section \<open>The multiplicity\<close>

lemma mult_aux_eq_sign_changes:
  assumes "length cs = k" and "cs \<noteq> []" and "last cs \<noteq> TInf"
  shows "mult_aux k (TR True r) cs = sign_changes (initial_form r cs)"
  using assms
proof (induction k arbitrary: cs)
  case (Suc k)
  show ?case
  proof (cases "is_root cs (TR True r)")
    case False
    have "\<exists>c\<in>set cs. c \<noteq> TInf" using Suc.prems(2,3) last_in_set by metis
    then have "\<not> (1 \<in> set (initial_form r cs) \<and> -1 \<in> set (initial_form r cs))"
      using False is_root_iff_initial_form by blast
    moreover have "set (initial_form r cs) \<subseteq> {-1, 0, 1}"
      using level_sign_range by (auto simp: initial_form_eq_level_signs)
    ultimately show ?thesis using False by (simp add: sign_changes_without_both_signs)
  next
    case True
    define N where "N = sign_changes (initial_form r cs)"
    define Ds where "Ds = {ds. in_lin_mult cs (TR True r) ds}"
    have IH: "mult_aux k (TR True r) ds = sign_changes (initial_form r ds)" if "ds \<in> Ds" for ds
      using that Suc.prems in_lin_mult_last[of cs "TR True r" ds]
      by (intro Suc.IH) (auto simp: Ds_def in_lin_mult_TR_True_iff)
    have upper: "sign_changes (initial_form r ds) \<le> N - 1" if "ds \<in> Ds" for ds
      using sign_changes_initial_form_quotient_le[of cs r ds] that Suc.prems(3)
      by (fastforce simp: Ds_def N_def)
    obtain ds0 where ds0: "ds0 \<in> Ds" "sign_changes (initial_form r ds0) + 1 = N"
      using exists_quotient_dropping_one_sign_change[OF Suc.prems(2,3) True]
      by (auto simp: Ds_def N_def)
    have bound: "mult_aux k (TR True r) ` Ds \<subseteq> {..N - 1}"
      using upper IH by (simp add: image_subset_iff)
    have "Max (mult_aux k (TR True r) ` Ds) = N - 1"
    proof (rule Max_eqI)
      show "finite (mult_aux k (TR True r) ` Ds)" using bound finite_subset by blast
      show "y \<le> N - 1" if "y \<in> mult_aux k (TR True r) ` Ds" for y using that bound by auto
      show "N - 1 \<in> mult_aux k (TR True r) ` Ds"
        using ds0 IH by (intro image_eqI[of _ _ ds0]) auto
    qed
    then show ?thesis using True ds0(2) by (simp add: Ds_def N_def)
  qed
qed simp

theorem theoremA:
  fixes cs :: "tr list" and r :: real
  assumes "cs \<noteq> []"
    and "last cs \<noteq> TInf"
    and "is_root cs (TR True r)"
  shows "mult (TR True r) cs = sign_changes (initial_form r cs)"
  using mult_aux_eq_sign_changes[OF refl assms(1,2)] by (simp add: mult_def)

end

━━━━━━━━

WHAT YOU ARE ASKED TO DO: Say only how many lines in the records carry the word "upper".

TASK RESPONSE: 2